- Task instructions -
Only one span of the listing below should come back. It runs from the line with "proof (intro allI impI ballI)" through the line with "(lam F1) *s", and each of its lines must be reproduced exactly.
(Beginning of Exercise data)
lemma restricted_weights_indepI:
  assumes v: "v extreme_point_of P" and S: "S \<subseteq> facets_at P v"
    and F1: "F1 \<in> facets_at P v" "F1 \<notin> special_facets P lam L" "F1 \<notin> S"
  shows "restricted_weights_indep P lam L v S"
  unfolding restricted_weights_indep_def
proof (intro allI impI ballI)
  fix c :: "(real^'n) set \<Rightarrow> rat" and F
  assume c: "\<forall>x\<in>L. (\<Sum>F\<in>S. c F * of_int (idot (weight P lam v F) x)) = 0" and F: "F \<in> S"
  let ?y = "idot m (lam F1) *s lam F - idot m (lam F) *s lam F1"
  \<comment> \<open>\<open>?y \<in> L\<close>, and since \<open>F1 \<notin> S\<close>, among the weights of \<open>S\<close> only that of \<open>F\<close> is nonzero on \<open>?y\<close>\<close>
  have "c F' * of_int (idot (weight P lam v F') ?y) =
      (if F' = F then c F * of_int (idot m (lam F1)) else 0)" if "F' \<in> S" for F'
  proof -
    have "F' \<in> facets_at P v" "F \<in> facets_at P v" "F' \<noteq> F1" using that F S F1(3) by auto
    then show ?thesis using idot_weight_exchange[OF v _ F1(1)] by simp
  qed
  then have "(\<Sum>F'\<in>S. c F' * of_int (idot (weight P lam v F') ?y)) = c F * of_int (idot m (lam F1))"
    using F finite_subset[OF S finite_facets_at] by simp
  moreover have "(\<Sum>F'\<in>S. c F' * of_int (idot (weight P lam v F') ?y)) = 0"
    using c exchange_mem_L by blast
  ultimately have "c F * of_int (idot m (lam F1)) = 0" by simp
  moreover have "idot m (lam F1) \<noteq> 0" using F1(1,2) by (simp add: special_facet_iff)
  ultimately show "c F = 0" by simp
qed
section \<open>Operators factoring through j are strictly singular\<close>

lemma underdetermined_linear_system:
  fixes z :: "nat \<Rightarrow> seq"
  shows "finite K \<Longrightarrow> finite I \<Longrightarrow> card K < card I \<Longrightarrow>
    \<exists>c. (\<exists>i\<in>I. c i \<noteq> 0) \<and> (\<forall>k\<in>K. (\<Sum>i\<in>I. c i * z i k) = 0)"
proof (induction K arbitrary: I z rule: finite_induct)
  case empty
  then obtain i where "i \<in> I" by fastforce
  then show ?case by (intro exI[of _ "\<lambda>_. 1"]) auto
next
  case (insert k0 K)
  show ?case
  proof (cases "\<forall>i\<in>I. z i k0 = 0")
    case True
    then show ?thesis using insert.IH[OF insert.prems(1), of z] insert.hyps insert.prems by auto
  next
    case False
    \<comment> \<open>Gaussian elimination: eliminate the equation for k0 using a pivot j.\<close>
    then obtain j where j: "j \<in> I" "z j k0 \<noteq> 0" by auto
    define I' where "I' = I - {j}"
    define z' where "z' i = (\<lambda>k. z i k - (z i k0 / z j k0) * z j k)" for i
    have I': "finite I'" "card K < card I'"
      using insert j unfolding I'_def by (auto simp: card_Diff_singleton)
    obtain c' where c': "\<exists>i\<in>I'. c' i \<noteq> 0" "\<forall>k\<in>K. (\<Sum>i\<in>I'. c' i * z' i k) = 0"
      using insert.IH[OF I'] by blast
    define c where "c i = (if i = j then - (\<Sum>i'\<in>I'. c' i' * z i' k0) / z j k0 else c' i)" for i
    have sum_c: "(\<Sum>i\<in>I. c i * z i k) = c j * z j k + (\<Sum>i\<in>I'. c' i * z i k)" for k
    proof -
      have "(\<Sum>i\<in>I'. c i * z i k) = (\<Sum>i\<in>I'. c' i * z i k)"
        unfolding c_def I'_def by (intro sum.cong) auto
      then show ?thesis unfolding I'_def using insert.prems(1) j(1) by (simp add: sum.remove)
    qed
    have "(\<Sum>i\<in>I. c i * z i k) = (\<Sum>i\<in>I'. c' i * z' i k)" for k
    proof -
      have "(\<Sum>i\<in>I'. c' i * z' i k)
          = (\<Sum>i\<in>I'. c' i * z i k) - (\<Sum>i\<in>I'. c' i * z i k0) / z j k0 * z j k"
        unfolding z'_def
        by (simp add: algebra_simps sum_subtractf sum_distrib_left sum_divide_distrib sum_distrib_right)
      then show ?thesis using sum_c[of k] by (simp add: c_def algebra_simps)
    qed
    moreover have "(\<Sum>i\<in>I. c i * z i k0) = 0" using sum_c[of k0] j(2) by (simp add: c_def)
    moreover have "\<exists>i\<in>I. c i \<noteq> 0" using c'(1) unfolding I'_def c_def by auto
    ultimately show ?thesis using c'(2) by (intro exI[of _ c]) auto
  qed
qed

text \<open>Where no coordinate of y + t v has reached modulus 1 outside F, a little more of v can still
  be added; the decay of y provides the room at all but finitely many coordinates.\<close>

lemma c0_room_below_1:
  assumes y: "y \<in> c0" and lt: "\<And>k. k \<notin> F \<Longrightarrow> \<bar>y k\<bar> < 1" and v: "bounded_seq v"
  shows "\<exists>e>0. \<forall>k. k \<notin> F \<longrightarrow> \<bar>y k + e * v k\<bar> \<le> 1"
proof -
  obtain B where B: "B \<ge> 1" "\<And>k. \<bar>v k\<bar> \<le> B"
    using v unfolding bounded_seq_def by (meson linorder_le_cases order_trans)
  have "(\<lambda>k. \<bar>y k\<bar>) \<longlonglongrightarrow> 0" using y unfolding c0_def by (simp add: tendsto_rabs_zero_iff)
  from order_tendstoD(2)[OF this, of "1/2"] obtain N where N: "\<And>k. k \<ge> N \<Longrightarrow> \<bar>y k\<bar> < 1/2"
    by (auto simp: eventually_sequentially)
  define m where "m = Max (insert 0 ((\<lambda>k. \<bar>y k\<bar>) ` {k. k < N \<and> k \<notin> F}))"
  have m: "m < 1" unfolding m_def using lt by (subst Max_less_iff) auto
  have le_m: "k < N \<Longrightarrow> k \<notin> F \<Longrightarrow> \<bar>y k\<bar> \<le> m" for k unfolding m_def by (rule Max_ge) auto
  define e where "e = min (1 / (2 * B)) ((1 - m) / B)"
  have e: "e > 0" "e * B \<le> 1/2" "e * B \<le> 1 - m"
    unfolding e_def using B m by (auto simp: min_def field_simps)
  have "\<bar>y k + e * v k\<bar> \<le> 1" if "k \<notin> F" for k
  proof -
    have "\<bar>e * v k\<bar> \<le> e * B" using B(2)[of k] e(1) by (simp add: abs_mult mult_left_mono)
    then have "\<bar>y k + e * v k\<bar> \<le> \<bar>y k\<bar> + e * B" using abs_triangle_ineq[of "y k" "e * v k"] by linarith
    then show ?thesis using that e le_m[of k] N[of k] by (cases "k < N") auto
  qed
  then show ?thesis using e(1) by blast
qed
lemma pauli_mat_index:
  "r < 2 ^ length ps \<Longrightarrow> c < 2 ^ length ps \<Longrightarrow> pauli_mat ps $$ (r, c) =
    (\<Prod>k<length ps. pauli_entry (ps ! k) (r div 2 ^ k mod 2) (c div 2 ^ k mod 2))"
  by (simp add: pauli_mat_def)

lemma pauli_mat_mult:
  assumes "length qs = length ps"
  shows "pauli_mat ps * pauli_mat qs = mat (2 ^ length ps) (2 ^ length ps)
     (\<lambda>(r, c). \<Prod>k<length ps. pauli_prod_entry (ps ! k) (qs ! k) (r div 2 ^ k mod 2) (c div 2 ^ k mod 2))"
    (is "_ = ?R")
proof (rule eq_matI)
  fix r c assume "r < dim_row ?R" "c < dim_col ?R"
  then have r: "r < 2 ^ length ps" and c: "c < 2 ^ length ps" by simp_all
  have "(pauli_mat ps * pauli_mat qs) $$ (r, c)
      = (\<Sum>l<2 ^ length ps. pauli_mat ps $$ (r, l) * pauli_mat qs $$ (l, c))"
    using r c assms by (simp add: scalar_prod_def lessThan_atLeast0)
  also have "\<dots> = (\<Sum>l<2 ^ length ps. \<Prod>k<length ps.
      pauli_entry (ps ! k) (r div 2 ^ k mod 2) (l div 2 ^ k mod 2) *
      pauli_entry (qs ! k) (l div 2 ^ k mod 2) (c div 2 ^ k mod 2))"
    using r c assms by (simp add: pauli_mat_index prod.distrib)
  also have "\<dots> = ?R $$ (r, c)"
    using r c by (subst sum_pow2_prod_digits) (simp add: pauli_prod_entry_def)
  finally show "(pauli_mat ps * pauli_mat qs) $$ (r, c) = ?R $$ (r, c)" .
qed (use assms in auto)

lemma less_2_cases: "(x::nat) < 2 \<Longrightarrow> x = 0 \<or> x = 1"
  by auto

lemma pauli_prod_entry_swap:
  assumes "x < 2" "y < 2"
  shows "pauli_prod_entry a b x y = pauli_sign a b * pauli_prod_entry b a x y"
  using less_2_cases[OF assms(1)] less_2_cases[OF assms(2)]
  by (cases a; cases b) (auto simp: pauli_prod_entry_def pauli_sign_def numeral_2_eq_2 lessThan_Suc)

lemma pauli_prod_entry_self:
  assumes "x < 2" "y < 2"
  shows "pauli_prod_entry a a x y = (if x = y then 1 else 0)"
  using less_2_cases[OF assms(1)] less_2_cases[OF assms(2)]
  by (cases a) (auto simp: pauli_prod_entry_def numeral_2_eq_2 lessThan_Suc)

lemma pauli_mat_mult_swap:
  assumes "length qs = length ps"
  shows "pauli_mat ps * pauli_mat qs = pauli_string_sign ps qs \<cdot>\<^sub>m (pauli_mat qs * pauli_mat ps)"
proof -
  have "(\<Prod>k<length ps. pauli_prod_entry (ps ! k) (qs ! k) (r div 2 ^ k mod 2) (c div 2 ^ k mod 2)) =
      pauli_string_sign ps qs *
      (\<Prod>k<length ps. pauli_prod_entry (qs ! k) (ps ! k) (r div 2 ^ k mod 2) (c div 2 ^ k mod 2))"
    for r c
    unfolding pauli_string_sign_def prod.distrib[symmetric]
    by (intro prod.cong refl pauli_prod_entry_swap) simp_all
  moreover have "pauli_mat qs * pauli_mat ps = mat (2 ^ length ps) (2 ^ length ps)
     (\<lambda>(r, c). \<Prod>k<length ps. pauli_prod_entry (qs ! k) (ps ! k) (r div 2 ^ k mod 2) (c div 2 ^ k mod 2))"
    using pauli_mat_mult[of ps qs] assms by simp
  ultimately show ?thesis
    unfolding pauli_mat_mult[OF assms]
    by (intro eq_matI) (simp_all only: index_smult_mat index_mat dim_row_mat dim_col_mat split)
qed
(End of Exercise data)
- Answer box -
proof (intro allI impI ballI)
  fix c :: "(real^'n) set \<Rightarrow> rat" and F
  assume c: "\<forall>x\<in>L. (\<Sum>F\<in>S. c F * of_int (idot (weight P lam v F) x)) = 0" and F: "F \<in> S"
  let ?y = "idot m (lam F1) *s lam F - idot m (lam F) *s lam F1"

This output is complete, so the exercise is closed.